*Work request*: The listing below contains a span that opens with the line containing "l2 * (of_nat" and closes with the line containing "l0 + of_nat". Return that span exactly.

*Data provided*:
(* Let $n\ge1$, $k>0$, and let $F$ be a complex polynomial of degree exactly $n$ having all its zeros in $|z|\le k$. Then for all $\alpha,\beta\in\mathbb C$ with $|\alpha|\le1$, $|\beta|\le1$ and all $R>r\ge k$, $$\min_{|z|=1}\big|B[F\circ\sigma](z)+\Phi_k(R,r,\alpha,\beta)B[F\circ\rho](z)\big|\ge\frac{|\lambda_0+\lambda_1 n^2/2+\lambda_2 n^3(n-1)/8|}{k^n}\,\big|R^n+r^n\Phi_k(R,r,\alpha,\beta)\big|\min_{|z|=k}|F(z)|.$$
   Context: Fix complex numbers $\lambda_0,\lambda_1,\lambda_2$ such that all zeros of $U(z)=\lambda_0+n\lambda_1 z+\frac{n(n-1)}{2}\lambda_2 z^2$ lie in the half-plane $\{z\in\mathbb C:|z|\le|z-n/2|\}$. The operator $B$ (of the class $\mathcal B_n$) sends a complex polynomial $P$ of degree at most $n$ to $B[P](z)=\lambda_0P(z)+\lambda_1\frac{nz}{2}P'(z)+\lambda_2\left(\frac{nz}{2}\right)^2\frac{P''(z)}{2!}$. For a polynomial $P$ and a map $\rho$, $P\circ\rho$ denotes $z\mapsto P(\rho(z))$, and $B[P\circ\rho](z)$ is $B$ applied to the polynomial $P\circ\rho$, evaluated at $z$. Note $|\lambda_0+\lambda_1 n^2/2+\lambda_2 n^3(n-1)/8|=|B[z^n]|$ at $|z|=1$. For $k>0$, $R,r>0$ and $\alpha,\beta\in\mathbb C$: $\Phi_k(R,r,\alpha,\beta)=\beta\left\{\left(\frac{R+k}{k+r}\right)^n-|\alpha|\right\}-\alpha$; and $\sigma(z)=Rz$, $\rho(z)=rz$. *)

theory Defs
  imports "HOL-Analysis.Analysis" "HOL-Computational_Algebra.Polynomial"
begin

definition Bop :: "nat \<Rightarrow> complex \<Rightarrow> complex \<Rightarrow> complex \<Rightarrow> complex poly \<Rightarrow> complex \<Rightarrow> complex" where
  "Bop n l0 l1 l2 P z =
     l0 * poly P z
     + l1 * (of_nat n * z / 2) * poly (pderiv P) z
     + l2 * (of_nat n * z / 2)^2 * poly (pderiv (pderiv P)) z / 2"

definition Upoly :: "nat \<Rightarrow> complex \<Rightarrow> complex \<Rightarrow> complex \<Rightarrow> complex \<Rightarrow> complex" where
  "Upoly n l0 l1 l2 z = l0 + of_nat n * l1 * z + of_nat (n * (n - 1)) / 2 * l2 * z^2"

definition Phi :: "nat \<Rightarrow> real \<Rightarrow> real \<Rightarrow> real \<Rightarrow> complex \<Rightarrow> complex \<Rightarrow> complex" where
  "Phi n k R r \<alpha> \<beta> = \<beta> * (complex_of_real (((R + k) / (k + r))^n - cmod \<alpha>)) - \<alpha>"

end

theory Submission
  imports Defs "HOL-Complex_Analysis.Conformal_Mappings" "HOL-Computational_Algebra.Fundamental_Theorem_Algebra"
begin

text \<open>Factoring \<open>U(z) = (p\<^sub>1 + v\<^sub>1 z)(p\<^sub>2 + v\<^sub>2 z)\<close>, the operator \<open>n(n-1) B\<close> becomes a
  composition of two polar derivatives whose poles, at any point \<open>|w| \<ge> k\<close>, lie outside the
  disc \<open>|z| < k\<close>; by Laguerre's theorem \<open>B[G]\<close> then has all its zeros in that disc whenever
  \<open>G\<close> has. For such a polynomial each linear factor satisfies
  \<open>|Rz - a| > (R + k)/(k + r) |rz - a|\<close> on \<open>|z| = 1\<close>, and together with
  \<open>|\<Phi>| \<le> ((R + k)/(k + r))\<^sup>n\<close> this shows \<open>B[G](Rz) + \<Phi> B[G](rz) \<noteq> 0\<close>.
  If the claimed bound failed at some \<open>z\<close>, subtracting a suitable \<open>c z\<^sup>n\<close> from \<open>F\<close> would make
  this combination vanish at \<open>z\<close>, while the minimum modulus principle (applied to \<open>F\<close> outside
  \<open>|z| = k\<close>) shows that \<open>c\<close> is too small to move any zero of \<open>F\<close> out of the disc.\<close>

section \<open>Laguerre's theorem on polar derivatives\<close>

lemma norm_convex_combination_sq_le:
  fixes x y :: complex
  assumes "0 \<le> u" "0 \<le> v" "u + v = 1"
  shows "(cmod (u *\<^sub>R x + v *\<^sub>R y))^2 \<le> u * (cmod x)^2 + v * (cmod y)^2"
proof -
  have "u * (cmod x)^2 + v * (cmod y)^2 - (cmod (u *\<^sub>R x + v *\<^sub>R y))^2 = u * v * (cmod (x - y))^2"
  proof -
    have v: "v = 1 - u" using assms(3) by simp
    show ?thesis unfolding v cmod_power2 by (simp add: power2_eq_square algebra_simps)
  qed
  then show ?thesis using assms by (smt (verit) mult_nonneg_nonneg zero_le_power2)
qed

*Expected output*:
     + l2 * (of_nat n * z / 2)^2 * poly (pderiv (pderiv P)) z / 2"

definition Upoly :: "nat \<Rightarrow> complex \<Rightarrow> complex \<Rightarrow> complex \<Rightarrow> complex \<Rightarrow> complex" where
  "Upoly n l0 l1 l2 z = l0 + of_nat n * l1 * z + of_nat (n * (n - 1)) / 2 * l2 * z^2"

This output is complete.